== Segment start ==

lemma unitarily_similar_quad_normal_form_column:
  "unitarily_similar (mat3 a 0 x2 0 a y 0 0 a) (quad_normal_form a a (sqrt ((cmod x2)\<^sup>2 + (cmod y)\<^sup>2)))"
proof -
  define r where "r = sqrt ((cmod x2)\<^sup>2 + (cmod y)\<^sup>2)"
  obtain c s where g: "cnj c * c + cnj s * s = 1" "c * x2 + s * y = complex_of_real r"
    "- cnj s * x2 + cnj c * y = 0"
    unfolding r_def by (rule givens_rotation_exists)
  have "c * cnj c + s * cnj s = 1"
    using g(1) by (simp add: mult.commute)
  then have "givens_12 c s ** mat3 a 0 x2 0 a y 0 0 a ** conj_transpose (givens_12 c s)
      = mat3 a 0 (complex_of_real r) 0 a 0 0 0 a"
    using g(2,3) unfolding givens_12_def
    by (simp add: mat3_simps algebra_simps flip: distrib_left distrib_right)
  then have "unitarily_similar (mat3 a 0 x2 0 a y 0 0 a) (mat3 a 0 (complex_of_real r) 0 a 0 0 0 a)"
    using unitary_givens_12[OF g(1)] unfolding unitarily_similar_def by metis
  moreover have "unitarily_similar (mat3 a 0 (complex_of_real r) 0 a 0 0 0 a) (quad_normal_form a a r)"
  proof -
    define P :: "complex^3^3" where "P = mat3 1 0 0 0 0 1 0 1 0"
    have "unitary_mat P"
      by (simp add: P_def unitary_mat_def mat3_simps)
    moreover have "P ** mat3 a 0 (complex_of_real r) 0 a 0 0 0 a ** conj_transpose P = quad_normal_form a a r"
      by (simp add: P_def quad_normal_form_def mat3_simps)
    ultimately show ?thesis
      unfolding unitarily_similar_def by metis
  qed
  ultimately show ?thesis
    unfolding r_def by (rule unitarily_similar_trans)
qed

lemma cubic_roots_cancel:
  fixes a b d2 d3 :: complex
  assumes "d2 = a \<or> d2 = b" "d3 = a \<or> d3 = b"
    and "\<And>z. (z - a) * (z - d2) * (z - d3) = (z - a) * (z - b)\<^sup>2"
  shows "d2 = b \<and> d3 = b"
proof (cases "a = b")
  case True
  then show ?thesis
    using assms(1,2) by simp
next
  case False
  define t where "t = a - b"
  have "t \<noteq> 0"
    using False by (simp add: t_def)
  have factors: "u = 2 * t \<and> v = 2 * t"
    if "u = t \<or> u = 2 * t" "v = t \<or> v = 2 * t" "t * u * v = t * (2 * t)\<^sup>2" for u v
    using that \<open>t \<noteq> 0\<close> by (auto simp: power2_eq_square)
  have "(2 * a - b) - a = t" "(2 * a - b) - b = 2 * t"
    by (simp_all add: t_def)
  then have "t * (2 * a - b - d2) * (2 * a - b - d3) = t * (2 * t)\<^sup>2"
    using assms(3)[of "2 * a - b"] by simp
  moreover have "2 * a - b - d = t \<or> 2 * a - b - d = 2 * t" if "d = a \<or> d = b" for d
    using that by (auto simp: t_def)
  ultimately have "2 * a - b - d2 = 2 * t \<and> 2 * a - b - d3 = 2 * t"
    using factors assms(1,2) by blast
  then show ?thesis
    by (auto simp: t_def)
qed

lemma quad_normal_form_exists:
  fixes A :: "complex^3^3"
  assumes "(A - mat a) ** (A - mat b) = 0" "A \<noteq> mat b"
    and "\<And>z. char_poly_fun A z = (z - a) * (z - b)\<^sup>2"
  obtains r where "r \<ge> 0" "unitarily_similar A (quad_normal_form a b r)"
proof -
  obtain x1 x2 d2 y d3 where T: "unitarily_similar A (mat3 a x1 x2 0 d2 y 0 0 d3)"
    and d: "d2 = a \<or> d2 = b" "d3 = a \<or> d3 = b"
    and x: "y * (d2 + d3 - a - b) = 0" "x1 * y + x2 * (d3 - b) = 0"
    using triangularize_annihilated[OF assms(1,2)] by metis
  have "(z - a) * (z - d2) * (z - d3) = (z - a) * (z - b)\<^sup>2" for z
    using unitarily_similar_char_poly_fun[OF T] assms(3) by (metis char_poly_fun_upper_triangular_3)
  then have "d2 = b" "d3 = b"
    using cubic_roots_cancel[OF d] by blast+
  then consider "y = 0" | "x1 = 0" "a = b"
    using x by auto
  then show ?thesis
  proof cases
    case 1
    then show ?thesis
      using that T \<open>d2 = b\<close> \<open>d3 = b\<close> unitarily_similar_quad_normal_form_row unitarily_similar_trans
      by (metis real_sqrt_ge_zero add_nonneg_nonneg zero_le_power2)
  next
    case 2
    then show ?thesis
      using that T \<open>d2 = b\<close> \<open>d3 = b\<close> unitarily_similar_quad_normal_form_column unitarily_similar_trans
      by (metis real_sqrt_ge_zero add_nonneg_nonneg zero_le_power2)
  qed
qed

lemma spectral_norm_quad_normal_form_shift:
  "spectral_norm (quad_normal_form a b r - mat b) = sqrt ((cmod (a - b))\<^sup>2 + r\<^sup>2)"
proof -
  have "quad_normal_form a b r - mat b = axis 1 (vector [a - b, complex_of_real r, 0])"
    by (simp add: quad_normal_form_def mat3_mat mat3_diff vec_eq_iff forall_3 axis_def)
  then show ?thesis
    by (simp add: spectral_norm_axis norm_vec_def L2_set_def sum_3)
qed

lemma unitarily_similar_by_shift_norm:
  assumes "r1 \<ge> 0" "unitarily_similar A (quad_normal_form p q r1)"
    and "r2 \<ge> 0" "unitarily_similar B (quad_normal_form p q r2)"
    and "spectral_norm (A - mat q) = spectral_norm (B - mat q)"
  shows "unitarily_similar A B"
proof -
  have "sqrt ((cmod (p - q))\<^sup>2 + r1\<^sup>2) = spectral_norm (A - mat q)"
    using unitarily_similar_spectral_norm[OF unitarily_similar_shift[OF assms(2)]]
    by (simp add: spectral_norm_quad_normal_form_shift)
  also have "\<dots> = sqrt ((cmod (p - q))\<^sup>2 + r2\<^sup>2)"
    using unitarily_similar_spectral_norm[OF unitarily_similar_shift[OF assms(4)]] assms(5)
    by (simp add: spectral_norm_quad_normal_form_shift)
  finally have "r1 = r2"
    using assms(1,3) by (simp add: power2_eq_iff_nonneg)
  then show ?thesis
    using assms(2,4) unitarily_similar_sym unitarily_similar_trans by blast
qed

theorem theorem11:
  fixes A B :: "complex^3^3"
  assumes "minimal_poly A = minimal_poly B"
    and "degree (minimal_poly A) = 2"
  shows "((\<forall>z. resolvent_norm A z = resolvent_norm B z) \<and> char_poly_fun A = char_poly_fun B)
         \<longleftrightarrow> unitarily_similar A B"
proof
  assume "unitarily_similar A B"
  then show "(\<forall>z. resolvent_norm A z = resolvent_norm B z) \<and> char_poly_fun A = char_poly_fun B"
    by (simp add: unitarily_similar_resolvent_norm unitarily_similar_char_poly_fun)
next
  assume H: "(\<forall>z. resolvent_norm A z = resolvent_norm B z) \<and> char_poly_fun A = char_poly_fun B"
  obtain a b where ab: "minimal_poly A = [:a * b, - (a + b), 1:]"
    using monic_quadratic_splits[OF assms(2)] minimal_poly_is_minimal_3[of A]
    by (auto simp: is_minimal_poly_def)
  have ann: "(A - mat a) ** (A - mat b) = 0" "(B - mat a) ** (B - mat b) = 0"
    using minimal_poly_is_minimal_3[of A] minimal_poly_is_minimal_3[of B] ab assms(1)
    by (simp_all add: is_minimal_poly_def flip: poly_mat_monic_quadratic)
  have not_scalar: "A \<noteq> mat c" "B \<noteq> mat c" for c
    using minimal_poly_degree_gt_1_not_scalar[of A c] minimal_poly_degree_gt_1_not_scalar[of B c] assms
    by simp_all
  obtain p q where pq: "{p, q} = {a, b}" and char: "\<And>z. char_poly_fun A z = (z - p) * (z - q)\<^sup>2"
    using annihilated_char_poly_fun[OF ann(1) not_scalar(1,1)] by metis
  have ann_pq: "(A - mat p) ** (A - mat q) = 0" "(B - mat p) ** (B - mat q) = 0"
    using ann pq shift_mult_commute by (metis doubleton_eq_iff)+
  obtain r1 where r1: "r1 \<ge> 0" "unitarily_similar A (quad_normal_form p q r1)"
    using quad_normal_form_exists[OF ann_pq(1) not_scalar(1) char] .
  obtain r2 where r2: "r2 \<ge> 0" "unitarily_similar B (quad_normal_form p q r2)"
    using quad_normal_form_exists[OF ann_pq(2) not_scalar(2)] char H by metis
  have "spectral_norm (A - mat q) = spectral_norm (B - mat q)"
    using equal_resolvent_norms_imp_shift_norms[OF ann] H by blast
  then show "unitarily_similar A B"
    using unitarily_similar_by_shift_norm r1 r2 by blast
qed

end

== Segment end ==

◆ **PROBLEM DETAILS**:
Nothing but the lines from the line with "using assms(1,3) by" to the last line of the listing above should appear; please retype them exactly, both ends included.

◆ **RESPONSE AREA**:
    using assms(1,3) by (simp add: power2_eq_iff_nonneg)
  then show ?thesis
    using assms(2,4) unitarily_similar_sym unitarily_similar_trans by blast
qed

theorem theorem11:
  fixes A B :: "complex^3^3"
  assumes "minimal_poly A = minimal_poly B"
    and "degree (minimal_poly A) = 2"
  shows "((\<forall>z. resolvent_norm A z = resolvent_norm B z) \<and> char_poly_fun A = char_poly_fun B)
         \<longleftrightarrow> unitarily_similar A B"
proof
  assume "unitarily_similar A B"
  then show "(\<forall>z. resolvent_norm A z = resolvent_norm B z) \<and> char_poly_fun A = char_poly_fun B"
    by (simp add: unitarily_similar_resolvent_norm unitarily_similar_char_poly_fun)
next
  assume H: "(\<forall>z. resolvent_norm A z = resolvent_norm B z) \<and> char_poly_fun A = char_poly_fun B"
  obtain a b where ab: "minimal_poly A = [:a * b, - (a + b), 1:]"
    using monic_quadratic_splits[OF assms(2)] minimal_poly_is_minimal_3[of A]
    by (auto simp: is_minimal_poly_def)
  have ann: "(A - mat a) ** (A - mat b) = 0" "(B - mat a) ** (B - mat b) = 0"
    using minimal_poly_is_minimal_3[of A] minimal_poly_is_minimal_3[of B] ab assms(1)
    by (simp_all add: is_minimal_poly_def flip: poly_mat_monic_quadratic)
  have not_scalar: "A \<noteq> mat c" "B \<noteq> mat c" for c
    using minimal_poly_degree_gt_1_not_scalar[of A c] minimal_poly_degree_gt_1_not_scalar[of B c] assms
    by simp_all
  obtain p q where pq: "{p, q} = {a, b}" and char: "\<And>z. char_poly_fun A z = (z - p) * (z - q)\<^sup>2"
    using annihilated_char_poly_fun[OF ann(1) not_scalar(1,1)] by metis
  have ann_pq: "(A - mat p) ** (A - mat q) = 0" "(B - mat p) ** (B - mat q) = 0"
    using ann pq shift_mult_commute by (metis doubleton_eq_iff)+
  obtain r1 where r1: "r1 \<ge> 0" "unitarily_similar A (quad_normal_form p q r1)"
    using quad_normal_form_exists[OF ann_pq(1) not_scalar(1) char] .
  obtain r2 where r2: "r2 \<ge> 0" "unitarily_similar B (quad_normal_form p q r2)"
    using quad_normal_form_exists[OF ann_pq(2) not_scalar(2)] char H by metis
  have "spectral_norm (A - mat q) = spectral_norm (B - mat q)"
    using equal_resolvent_norms_imp_shift_norms[OF ann] H by blast
  then show "unitarily_similar A B"
    using unitarily_similar_by_shift_norm r1 r2 by blast
qed

end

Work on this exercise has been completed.